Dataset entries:
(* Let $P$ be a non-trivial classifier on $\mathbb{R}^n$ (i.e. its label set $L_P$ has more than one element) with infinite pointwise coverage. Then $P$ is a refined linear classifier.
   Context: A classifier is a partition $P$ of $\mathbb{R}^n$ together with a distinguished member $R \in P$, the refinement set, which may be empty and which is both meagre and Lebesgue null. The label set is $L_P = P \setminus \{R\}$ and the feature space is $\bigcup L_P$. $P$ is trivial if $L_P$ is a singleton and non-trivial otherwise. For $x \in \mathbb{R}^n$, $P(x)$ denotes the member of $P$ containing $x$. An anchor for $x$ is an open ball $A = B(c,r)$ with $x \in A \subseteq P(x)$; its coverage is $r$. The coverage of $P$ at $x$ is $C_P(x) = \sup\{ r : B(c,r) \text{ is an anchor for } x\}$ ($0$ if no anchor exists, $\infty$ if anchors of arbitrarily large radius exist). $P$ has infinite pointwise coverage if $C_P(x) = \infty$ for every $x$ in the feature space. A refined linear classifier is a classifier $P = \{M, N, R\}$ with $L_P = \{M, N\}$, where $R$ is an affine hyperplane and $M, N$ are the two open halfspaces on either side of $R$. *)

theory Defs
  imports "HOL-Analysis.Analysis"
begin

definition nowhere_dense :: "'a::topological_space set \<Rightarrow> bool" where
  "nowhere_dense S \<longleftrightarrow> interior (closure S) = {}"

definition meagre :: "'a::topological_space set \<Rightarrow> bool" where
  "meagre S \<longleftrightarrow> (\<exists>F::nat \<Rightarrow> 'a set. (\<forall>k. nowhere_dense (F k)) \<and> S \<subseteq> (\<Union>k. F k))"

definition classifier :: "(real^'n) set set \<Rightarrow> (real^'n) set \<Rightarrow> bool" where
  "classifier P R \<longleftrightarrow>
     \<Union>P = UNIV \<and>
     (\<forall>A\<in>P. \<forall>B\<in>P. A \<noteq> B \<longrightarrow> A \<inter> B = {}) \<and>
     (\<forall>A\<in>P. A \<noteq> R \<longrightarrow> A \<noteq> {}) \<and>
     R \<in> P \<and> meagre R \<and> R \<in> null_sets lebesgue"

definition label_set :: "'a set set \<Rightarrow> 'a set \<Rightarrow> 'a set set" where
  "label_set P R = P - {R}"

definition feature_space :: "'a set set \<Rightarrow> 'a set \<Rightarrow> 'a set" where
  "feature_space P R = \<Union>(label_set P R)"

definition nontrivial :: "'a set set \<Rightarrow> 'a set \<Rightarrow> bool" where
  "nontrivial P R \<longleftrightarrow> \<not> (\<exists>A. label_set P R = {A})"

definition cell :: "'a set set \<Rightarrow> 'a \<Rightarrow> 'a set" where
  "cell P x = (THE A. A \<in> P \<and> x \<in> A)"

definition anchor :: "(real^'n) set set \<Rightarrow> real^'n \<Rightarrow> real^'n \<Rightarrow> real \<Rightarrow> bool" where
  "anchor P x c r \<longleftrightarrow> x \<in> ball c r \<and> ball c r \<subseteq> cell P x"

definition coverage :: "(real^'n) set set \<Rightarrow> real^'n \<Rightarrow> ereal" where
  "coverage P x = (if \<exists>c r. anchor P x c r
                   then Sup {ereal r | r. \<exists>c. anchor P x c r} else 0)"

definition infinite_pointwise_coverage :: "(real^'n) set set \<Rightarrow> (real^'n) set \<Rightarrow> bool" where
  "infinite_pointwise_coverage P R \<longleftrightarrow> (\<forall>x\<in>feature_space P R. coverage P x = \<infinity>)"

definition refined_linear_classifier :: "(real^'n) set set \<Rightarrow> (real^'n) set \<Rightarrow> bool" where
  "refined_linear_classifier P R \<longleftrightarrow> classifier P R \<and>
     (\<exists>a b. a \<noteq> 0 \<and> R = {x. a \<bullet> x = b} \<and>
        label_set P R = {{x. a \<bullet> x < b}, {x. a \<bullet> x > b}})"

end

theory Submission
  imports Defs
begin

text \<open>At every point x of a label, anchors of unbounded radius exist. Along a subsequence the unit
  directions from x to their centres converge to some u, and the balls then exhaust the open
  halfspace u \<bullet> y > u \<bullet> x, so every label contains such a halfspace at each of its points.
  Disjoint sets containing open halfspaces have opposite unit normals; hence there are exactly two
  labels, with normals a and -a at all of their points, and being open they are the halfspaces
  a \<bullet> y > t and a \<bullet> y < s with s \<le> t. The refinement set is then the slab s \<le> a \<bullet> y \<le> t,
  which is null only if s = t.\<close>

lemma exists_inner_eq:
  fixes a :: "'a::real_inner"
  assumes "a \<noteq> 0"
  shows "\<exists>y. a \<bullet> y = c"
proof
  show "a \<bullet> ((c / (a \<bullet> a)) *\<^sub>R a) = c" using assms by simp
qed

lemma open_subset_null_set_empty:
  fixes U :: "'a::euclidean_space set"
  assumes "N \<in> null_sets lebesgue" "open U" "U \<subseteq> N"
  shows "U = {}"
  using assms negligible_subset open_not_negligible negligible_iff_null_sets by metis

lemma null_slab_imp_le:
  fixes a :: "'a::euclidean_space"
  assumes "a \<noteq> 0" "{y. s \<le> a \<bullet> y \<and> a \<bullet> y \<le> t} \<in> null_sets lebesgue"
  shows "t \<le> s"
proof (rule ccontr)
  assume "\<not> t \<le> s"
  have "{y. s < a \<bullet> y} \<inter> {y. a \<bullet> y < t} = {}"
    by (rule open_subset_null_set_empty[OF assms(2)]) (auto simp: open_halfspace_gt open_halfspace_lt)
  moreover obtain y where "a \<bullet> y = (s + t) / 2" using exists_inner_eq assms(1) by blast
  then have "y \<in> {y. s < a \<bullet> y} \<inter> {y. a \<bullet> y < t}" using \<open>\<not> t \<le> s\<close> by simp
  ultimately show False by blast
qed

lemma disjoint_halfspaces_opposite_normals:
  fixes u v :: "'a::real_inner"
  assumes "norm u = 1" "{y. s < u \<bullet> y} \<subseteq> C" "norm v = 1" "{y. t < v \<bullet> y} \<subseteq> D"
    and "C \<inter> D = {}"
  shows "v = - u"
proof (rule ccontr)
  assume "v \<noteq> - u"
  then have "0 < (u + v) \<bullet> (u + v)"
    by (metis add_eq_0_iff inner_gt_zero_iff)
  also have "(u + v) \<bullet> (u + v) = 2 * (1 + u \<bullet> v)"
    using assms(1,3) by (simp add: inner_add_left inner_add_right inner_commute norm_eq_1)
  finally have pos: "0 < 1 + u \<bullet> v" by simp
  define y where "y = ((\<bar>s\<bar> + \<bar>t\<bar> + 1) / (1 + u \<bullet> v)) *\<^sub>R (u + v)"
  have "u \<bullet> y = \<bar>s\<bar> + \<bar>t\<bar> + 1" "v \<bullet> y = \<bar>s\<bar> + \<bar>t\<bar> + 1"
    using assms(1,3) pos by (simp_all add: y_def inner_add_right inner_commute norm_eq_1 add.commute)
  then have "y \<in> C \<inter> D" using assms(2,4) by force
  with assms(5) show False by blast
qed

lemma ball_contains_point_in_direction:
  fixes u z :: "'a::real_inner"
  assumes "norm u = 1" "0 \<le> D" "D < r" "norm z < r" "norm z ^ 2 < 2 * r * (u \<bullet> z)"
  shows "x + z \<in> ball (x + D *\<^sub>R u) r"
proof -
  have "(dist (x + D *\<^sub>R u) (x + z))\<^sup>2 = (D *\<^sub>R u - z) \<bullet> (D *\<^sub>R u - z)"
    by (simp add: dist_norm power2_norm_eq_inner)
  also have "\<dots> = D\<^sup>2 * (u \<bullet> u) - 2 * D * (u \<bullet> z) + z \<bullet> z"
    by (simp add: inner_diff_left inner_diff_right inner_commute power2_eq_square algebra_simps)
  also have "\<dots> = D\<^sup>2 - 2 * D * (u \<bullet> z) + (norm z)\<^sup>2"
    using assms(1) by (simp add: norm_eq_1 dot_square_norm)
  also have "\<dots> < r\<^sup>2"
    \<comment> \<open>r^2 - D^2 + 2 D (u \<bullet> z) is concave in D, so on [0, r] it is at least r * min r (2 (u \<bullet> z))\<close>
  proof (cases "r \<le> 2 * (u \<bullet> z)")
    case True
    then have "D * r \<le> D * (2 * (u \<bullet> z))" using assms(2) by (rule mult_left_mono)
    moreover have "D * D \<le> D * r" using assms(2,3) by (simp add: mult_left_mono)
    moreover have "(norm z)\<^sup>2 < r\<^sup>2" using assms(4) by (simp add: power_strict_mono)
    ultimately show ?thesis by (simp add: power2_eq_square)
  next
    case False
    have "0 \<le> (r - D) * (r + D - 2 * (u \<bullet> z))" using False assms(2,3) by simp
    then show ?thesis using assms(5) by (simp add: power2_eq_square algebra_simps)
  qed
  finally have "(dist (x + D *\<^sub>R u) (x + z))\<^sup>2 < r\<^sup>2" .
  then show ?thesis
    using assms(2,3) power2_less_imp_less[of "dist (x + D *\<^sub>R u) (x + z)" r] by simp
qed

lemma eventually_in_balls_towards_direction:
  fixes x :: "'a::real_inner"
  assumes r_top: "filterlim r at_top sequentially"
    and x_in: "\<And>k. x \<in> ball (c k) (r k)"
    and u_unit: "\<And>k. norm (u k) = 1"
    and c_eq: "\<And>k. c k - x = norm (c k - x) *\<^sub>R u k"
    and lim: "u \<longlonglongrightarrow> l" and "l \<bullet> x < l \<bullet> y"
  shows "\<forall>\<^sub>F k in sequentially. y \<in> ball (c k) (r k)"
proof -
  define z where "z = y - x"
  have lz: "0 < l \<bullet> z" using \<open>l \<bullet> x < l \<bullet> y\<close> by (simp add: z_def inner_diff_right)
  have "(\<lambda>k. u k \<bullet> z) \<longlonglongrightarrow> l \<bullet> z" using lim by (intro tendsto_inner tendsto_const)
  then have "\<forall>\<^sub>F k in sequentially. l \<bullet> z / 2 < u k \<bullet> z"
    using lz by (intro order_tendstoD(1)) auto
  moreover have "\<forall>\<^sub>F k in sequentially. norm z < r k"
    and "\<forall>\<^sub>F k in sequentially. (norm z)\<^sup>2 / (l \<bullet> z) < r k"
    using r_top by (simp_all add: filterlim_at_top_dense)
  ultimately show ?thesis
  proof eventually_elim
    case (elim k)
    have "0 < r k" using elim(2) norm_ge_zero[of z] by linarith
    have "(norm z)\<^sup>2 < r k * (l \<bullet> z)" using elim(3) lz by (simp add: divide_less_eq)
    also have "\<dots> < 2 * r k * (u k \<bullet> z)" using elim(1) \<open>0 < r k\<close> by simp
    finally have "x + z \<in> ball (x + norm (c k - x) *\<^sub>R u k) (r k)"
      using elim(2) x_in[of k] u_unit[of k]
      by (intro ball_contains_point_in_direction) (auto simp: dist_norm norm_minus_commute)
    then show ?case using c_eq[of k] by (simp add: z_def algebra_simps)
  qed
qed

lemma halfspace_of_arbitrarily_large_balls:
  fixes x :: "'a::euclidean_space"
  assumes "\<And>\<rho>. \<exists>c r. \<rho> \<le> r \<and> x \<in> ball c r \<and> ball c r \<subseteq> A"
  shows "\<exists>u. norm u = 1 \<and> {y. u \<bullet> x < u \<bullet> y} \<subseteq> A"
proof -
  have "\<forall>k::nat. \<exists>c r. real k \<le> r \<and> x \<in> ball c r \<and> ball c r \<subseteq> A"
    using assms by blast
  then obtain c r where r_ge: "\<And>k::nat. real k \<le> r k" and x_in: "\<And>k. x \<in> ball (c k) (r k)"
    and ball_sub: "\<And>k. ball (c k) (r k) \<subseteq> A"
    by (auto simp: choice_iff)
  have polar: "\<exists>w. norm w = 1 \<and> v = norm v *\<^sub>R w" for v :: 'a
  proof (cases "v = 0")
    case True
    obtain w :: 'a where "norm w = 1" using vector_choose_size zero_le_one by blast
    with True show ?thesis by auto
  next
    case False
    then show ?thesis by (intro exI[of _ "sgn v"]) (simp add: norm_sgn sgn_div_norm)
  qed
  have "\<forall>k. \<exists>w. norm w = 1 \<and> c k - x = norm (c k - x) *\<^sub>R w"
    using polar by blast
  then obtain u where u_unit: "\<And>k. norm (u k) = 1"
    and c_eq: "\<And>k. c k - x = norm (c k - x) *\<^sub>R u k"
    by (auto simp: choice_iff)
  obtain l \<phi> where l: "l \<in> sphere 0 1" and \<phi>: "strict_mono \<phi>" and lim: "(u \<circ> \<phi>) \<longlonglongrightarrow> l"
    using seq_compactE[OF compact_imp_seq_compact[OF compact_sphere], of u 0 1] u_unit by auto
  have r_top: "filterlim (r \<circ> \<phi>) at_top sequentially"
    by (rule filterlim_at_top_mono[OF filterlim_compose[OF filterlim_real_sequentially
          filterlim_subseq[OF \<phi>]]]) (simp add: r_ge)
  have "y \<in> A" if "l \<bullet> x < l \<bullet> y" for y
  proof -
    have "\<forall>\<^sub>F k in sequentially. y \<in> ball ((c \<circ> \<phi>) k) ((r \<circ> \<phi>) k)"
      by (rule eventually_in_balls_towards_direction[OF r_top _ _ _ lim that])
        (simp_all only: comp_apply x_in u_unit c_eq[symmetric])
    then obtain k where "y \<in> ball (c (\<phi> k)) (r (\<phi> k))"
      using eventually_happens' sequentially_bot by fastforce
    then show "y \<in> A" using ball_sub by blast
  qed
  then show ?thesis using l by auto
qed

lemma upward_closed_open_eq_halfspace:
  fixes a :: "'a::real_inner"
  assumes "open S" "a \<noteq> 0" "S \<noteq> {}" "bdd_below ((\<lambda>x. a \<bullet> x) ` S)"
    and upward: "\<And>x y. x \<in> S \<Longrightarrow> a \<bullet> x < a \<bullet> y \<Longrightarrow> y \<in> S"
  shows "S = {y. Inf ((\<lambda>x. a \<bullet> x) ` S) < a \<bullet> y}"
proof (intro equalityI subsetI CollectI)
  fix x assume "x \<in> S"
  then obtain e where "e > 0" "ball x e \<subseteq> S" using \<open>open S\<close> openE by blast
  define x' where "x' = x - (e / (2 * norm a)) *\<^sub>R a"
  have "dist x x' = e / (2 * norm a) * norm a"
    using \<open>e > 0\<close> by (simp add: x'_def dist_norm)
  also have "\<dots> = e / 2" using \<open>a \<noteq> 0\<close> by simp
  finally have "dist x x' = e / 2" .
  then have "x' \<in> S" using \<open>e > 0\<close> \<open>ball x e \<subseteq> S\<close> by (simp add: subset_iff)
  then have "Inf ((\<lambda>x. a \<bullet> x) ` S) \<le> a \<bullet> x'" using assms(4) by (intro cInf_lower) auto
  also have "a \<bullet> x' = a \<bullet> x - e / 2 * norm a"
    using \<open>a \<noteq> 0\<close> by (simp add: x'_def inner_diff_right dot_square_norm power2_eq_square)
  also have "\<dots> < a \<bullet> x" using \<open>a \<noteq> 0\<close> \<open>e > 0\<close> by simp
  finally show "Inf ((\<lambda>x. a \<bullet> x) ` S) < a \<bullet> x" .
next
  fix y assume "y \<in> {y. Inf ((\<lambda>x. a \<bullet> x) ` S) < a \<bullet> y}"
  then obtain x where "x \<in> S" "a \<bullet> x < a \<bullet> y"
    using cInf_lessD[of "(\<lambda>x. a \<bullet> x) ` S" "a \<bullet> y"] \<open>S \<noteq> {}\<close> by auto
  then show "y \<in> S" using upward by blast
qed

THE PROBLEM:
Output, please, only the lines running from the start of the entries through the line that contains "(\<forall>A\<in>P. A \<noteq>", including both of those lines.

EXERCISE RESULT:
(* Let $P$ be a non-trivial classifier on $\mathbb{R}^n$ (i.e. its label set $L_P$ has more than one element) with infinite pointwise coverage. Then $P$ is a refined linear classifier.
   Context: A classifier is a partition $P$ of $\mathbb{R}^n$ together with a distinguished member $R \in P$, the refinement set, which may be empty and which is both meagre and Lebesgue null. The label set is $L_P = P \setminus \{R\}$ and the feature space is $\bigcup L_P$. $P$ is trivial if $L_P$ is a singleton and non-trivial otherwise. For $x \in \mathbb{R}^n$, $P(x)$ denotes the member of $P$ containing $x$. An anchor for $x$ is an open ball $A = B(c,r)$ with $x \in A \subseteq P(x)$; its coverage is $r$. The coverage of $P$ at $x$ is $C_P(x) = \sup\{ r : B(c,r) \text{ is an anchor for } x\}$ ($0$ if no anchor exists, $\infty$ if anchors of arbitrarily large radius exist). $P$ has infinite pointwise coverage if $C_P(x) = \infty$ for every $x$ in the feature space. A refined linear classifier is a classifier $P = \{M, N, R\}$ with $L_P = \{M, N\}$, where $R$ is an affine hyperplane and $M, N$ are the two open halfspaces on either side of $R$. *)

theory Defs
  imports "HOL-Analysis.Analysis"
begin

definition nowhere_dense :: "'a::topological_space set \<Rightarrow> bool" where
  "nowhere_dense S \<longleftrightarrow> interior (closure S) = {}"

definition meagre :: "'a::topological_space set \<Rightarrow> bool" where
  "meagre S \<longleftrightarrow> (\<exists>F::nat \<Rightarrow> 'a set. (\<forall>k. nowhere_dense (F k)) \<and> S \<subseteq> (\<Union>k. F k))"

definition classifier :: "(real^'n) set set \<Rightarrow> (real^'n) set \<Rightarrow> bool" where
  "classifier P R \<longleftrightarrow>
     \<Union>P = UNIV \<and>
     (\<forall>A\<in>P. \<forall>B\<in>P. A \<noteq> B \<longrightarrow> A \<inter> B = {}) \<and>
     (\<forall>A\<in>P. A \<noteq> R \<longrightarrow> A \<noteq> {}) \<and>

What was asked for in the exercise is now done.